Les représentations mythiques de l’androgynie, définie comme «soit la réunion soit la confusion des sexes en un même individu» (Libis: 26), ont une origine bien lointaine, possiblement antérieure au mythe de Platon1Dans une note de son introduction, Jean Libis (op. cit., p. 21) précise que «[c]ette question est discutée, sans être résolue dans Les mythes de Platon, de Perceval Frutiger […] l’essentiel est que Platon ait laissé émerger dans son discours le mythe dans toute sa puissance suggestive». Ainsi, on considère souvent l’auteur du Banquet comme le fondateur de cette figure, même s’il semble que son origine soit plus ancienne.. Très souvent liées aux théogonies et aux cosmogonies, le mythe de l’androgyne renvoie l’homme à son origine sacrée et mystérieuse. L’androgyne platonicien, rappelons-nous, était à la fois femme et homme avant que Zeus ne le sépare en deux êtres distincts. La récurrence de la figure de l’androgyne à l’époque romantique et, ensuite, à la fin du siècle français pointe peut-être vers un désir de recommencement qui, lui, met probablement le doigt sur un malaise concernant les rapports entre les sexes, la nature et la culture. Jean Libis nous indique que l’intrusion du mythe de l’androgyne dans les discours
renvoie […] à ce qu’on pourrait nommer un «négatif de la sexualité», comme si le mythe de l’androgyne par l’éternel retour de son scintillement s’efforçait de gommer, ou au moins de neutraliser, ce qui dans la sexualité humaine procède d’un malaise irréductible (20).

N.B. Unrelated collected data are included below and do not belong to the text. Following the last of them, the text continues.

(* The structure $(B_\infty,T,\cdot,\equiv,1,\sigma_1,\sigma_1^{-1})$ is a canonical model for the link axioms. That is: (i) it satisfies the link axioms; (ii) every element of $B_\infty$ is the interpretation of a closed term of the language (built from $1,\sigma,\bar\sigma$ using $\cdot$ and $T$); (iii) for every structure $(S,T_1,*,\equiv',1',\sigma_1',\bar\sigma_1')$ satisfying the link axioms there is a unique homomorphism of structures $f:B_\infty\to S$, i.e. a unique map with $f(1)=1'$, $f(\sigma_1)=\sigma_1'$, $f(\sigma_1^{-1})=\bar\sigma_1'$, $f(x\cdot y)=f(x)*f(y)$, $f(T(x))=T_1(f(x))$ for all $x,y$, and $x\equiv y\Rightarrow f(x)\equiv' f(y)$.
   Context: Consider a first-order language (with equality) with signature $(\cdot,T,\equiv,1,\sigma,\bar\sigma)$: $\cdot$ binary function, $T$ unary function, $\equiv$ binary predicate, constants $1,\sigma,\bar\sigma$. The link axioms are: $\forall x,y,z\ x\cdot(y\cdot z)=(x\cdot y)\cdot z$; $\forall x\ 1\cdot x=x$; $\forall x\ x\cdot 1=x$; $\sigma\cdot\bar\sigma=\bar\sigma\cdot\sigma=1$; $\forall x,y\ T(x\cdot y)=T(x)\cdot T(y)$; $T(1)=1$; $\sigma\cdot T(\sigma)\cdot\sigma=T(\sigma)\cdot\sigma\cdot T(\sigma)$; $\forall b\ \sigma\cdot T(T(b))=T(T(b))\cdot\sigma$; $\equiv$ is reflexive, symmetric and transitive; $\forall x,y,z\ (y\cdot z=1\to x\equiv y\cdot x\cdot z)$; $\forall x\ x\equiv\sigma\cdot T(x)$; $\forall x\ x\equiv\bar\sigma\cdot T(x)$. $B_\infty$ is the group generated by $\{\sigma_i\}_{i\in\mathbb{N}}$ with relations $\sigma_i\sigma_j=\sigma_j\sigma_i$ for $i\ge j+2$ and $\sigma_i\sigma_{i+1}\sigma_i=\sigma_{i+1}\sigma_i\sigma_{i+1}$; $T$ is the homomorphism of $B_\infty$ with $T(\sigma_i)=\sigma_{i+1}$; $\cdot$ is the group multiplication, $1$ the identity, and $\sigma,\bar\sigma$ are interpreted as $\sigma_1,\sigma_1^{-1}$; $\equiv$ on $B_\infty$ is the equivalence relation generated by $aba^{-1}\equiv b$, $b\equiv\sigma_1T(b)$, $b\equiv\sigma_1^{-1}T(b)$ for all $a,b\in B_\infty$. *)

theory Defs
  imports Main
begin

text \<open>A letter (i, False) stands for sigma_(i+1), and (i, True) for its inverse.
  So index 0 is sigma_1.\<close>

type_synonym bword = "(nat \<times> bool) list"

inductive braid_rel :: "bword \<Rightarrow> bword \<Rightarrow> bool" where
  br_refl: "braid_rel u u"
| br_sym: "braid_rel u v \<Longrightarrow> braid_rel v u"
| br_trans: "braid_rel u v \<Longrightarrow> braid_rel v w \<Longrightarrow> braid_rel u w"
| br_cong: "braid_rel u v \<Longrightarrow> braid_rel (a @ u @ b) (a @ v @ b)"
| br_cancel: "braid_rel [(i, e), (i, \<not> e)] []"
| br_comm: "j + 2 \<le> i \<Longrightarrow> braid_rel [(i, False), (j, False)] [(j, False), (i, False)]"
| br_braid: "braid_rel [(i, False), (Suc i, False), (i, False)]
                       [(Suc i, False), (i, False), (Suc i, False)]"

lemma braid_rel_equivp: "equivp braid_rel"
  by (rule equivpI; auto simp: reflp_def symp_def transp_def intro: br_refl br_sym br_trans)

quotient_type braid = bword / braid_rel
  by (rule braid_rel_equivp)

lemma braid_rel_append:
  assumes "braid_rel u v" "braid_rel x y"
  shows "braid_rel (u @ x) (v @ y)"
proof -
  have "braid_rel ([] @ u @ x) ([] @ v @ x)" using assms(1) by (rule br_cong)
  moreover have "braid_rel (v @ x @ []) (v @ y @ [])" using assms(2) by (rule br_cong)
  ultimately show ?thesis by (auto intro: br_trans)
qed

definition shift_word :: "bword \<Rightarrow> bword" where
  "shift_word w = map (\<lambda>(i, e). (Suc i, e)) w"

lemma braid_rel_shift: "braid_rel u v \<Longrightarrow> braid_rel (shift_word u) (shift_word v)"
proof (induction rule: braid_rel.induct)
  case (br_cong u v a b)
  then show ?case using braid_rel.br_cong by (simp add: shift_word_def)
next
  case (br_comm j i)
  then show ?case using braid_rel.br_comm[of "Suc j" "Suc i"] by (simp add: shift_word_def)
qed (auto simp: shift_word_def intro: braid_rel.intros)

lift_definition bmult :: "braid \<Rightarrow> braid \<Rightarrow> braid" is "(@)"
  by (rule braid_rel_append)

lift_definition bone :: braid is "[]" .

lift_definition bsig :: braid is "[(0, False)]" .

lift_definition bsigbar :: braid is "[(0, True)]" .

lift_definition bT :: "braid \<Rightarrow> braid" is shift_word
  by (rule braid_rel_shift)

definition binv :: "braid \<Rightarrow> braid" where
  "binv a = (SOME b. bmult a b = bone \<and> bmult b a = bone)"

inductive bequiv :: "braid \<Rightarrow> braid \<Rightarrow> bool" where
  be_refl: "bequiv x x"
| be_sym: "bequiv x y \<Longrightarrow> bequiv y x"
| be_trans: "bequiv x y \<Longrightarrow> bequiv y z \<Longrightarrow> bequiv x z"
| be_conj: "bequiv (bmult (bmult a b) (binv a)) b"
| be_stab: "bequiv b (bmult bsig (bT b))"
| be_stab_inv: "bequiv b (bmult bsigbar (bT b))"

definition link_axioms ::
  "('a \<Rightarrow> 'a \<Rightarrow> 'a) \<Rightarrow> ('a \<Rightarrow> 'a) \<Rightarrow> ('a \<Rightarrow> 'a \<Rightarrow> bool) \<Rightarrow> 'a \<Rightarrow> 'a \<Rightarrow> 'a \<Rightarrow> bool" where
  "link_axioms m T E one s sb \<longleftrightarrow>
     (\<forall>x y z. m x (m y z) = m (m x y) z) \<and>
     (\<forall>x. m one x = x) \<and>
     (\<forall>x. m x one = x) \<and>
     m s sb = one \<and> m sb s = one \<and>
     (\<forall>x y. T (m x y) = m (T x) (T y)) \<and>
     T one = one \<and>
     m (m s (T s)) s = m (m (T s) s) (T s) \<and>
     (\<forall>b. m s (T (T b)) = m (T (T b)) s) \<and>
     (\<forall>x. E x x) \<and>
     (\<forall>x y. E x y \<longrightarrow> E y x) \<and>
     (\<forall>x y z. E x y \<longrightarrow> E y z \<longrightarrow> E x z) \<and>
     (\<forall>x y z. m y z = one \<longrightarrow> E x (m (m y x) z)) \<and>
     (\<forall>x. E x (m s (T x))) \<and>
     (\<forall>x. E x (m sb (T x)))"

En voyant comment est représentée la forme androgyne dans les romans décadents, nous pourrons tenter de cerner un peu mieux le malaise qu’elle cache. Nous verrons que ce type de personnage, à cause de ses rapports intimes, depuis Platon, avec les thèmes du commencement du monde et de la sexualité, semblait tout indiqué pour soutenir les revendications artistiques des écrivains de la fin du siècle.
Dès le tout début de Monsieur Vénus, le jeune homme est placé sous le signe de l’ambiguïté sexuelle. Raoule de Vénérande, dernière d’une lignée d’aristocrates, se rend dans un taudis où elle espère recevoir les services d’un fleuriste. À l’entrée du domicile, une pancarte indique «Marie Silvert, fleuriste, dessinateur» (Rachilde: 10). Or, le fleuriste et dessinateur, c’est le frère de Marie Silvert, Jacques. Ce dernier emprunte donc non seulement le prénom d’une femme, mais aussi son identité. À Raoule de Vénérande, étonnée de découvrir à son arrivée chez le fleuriste un homme enseveli sous les fleurs, Jacques répond: «pour le moment, Marie Silvert, c’est moi» (10). S’il n’est pas encore tout à fait femme, Jacques Silvert présente néanmoins, dès le départ, un écart par rapport au stéréotype de virilité:
[i]l regardait, cet homme, comme implorent les chiens souffrants, avec une vague humidité sur les prunelles […] Le menton, à fossette, d’une chair unie et enfantine, était adorable. Le cou avait un petit pli, le pli du nouveau-né qui engraisse. La main assez large, la voix boudeuse et les cheveux plantés drus étaient en lui les seuls indices révélateurs du sexe (11).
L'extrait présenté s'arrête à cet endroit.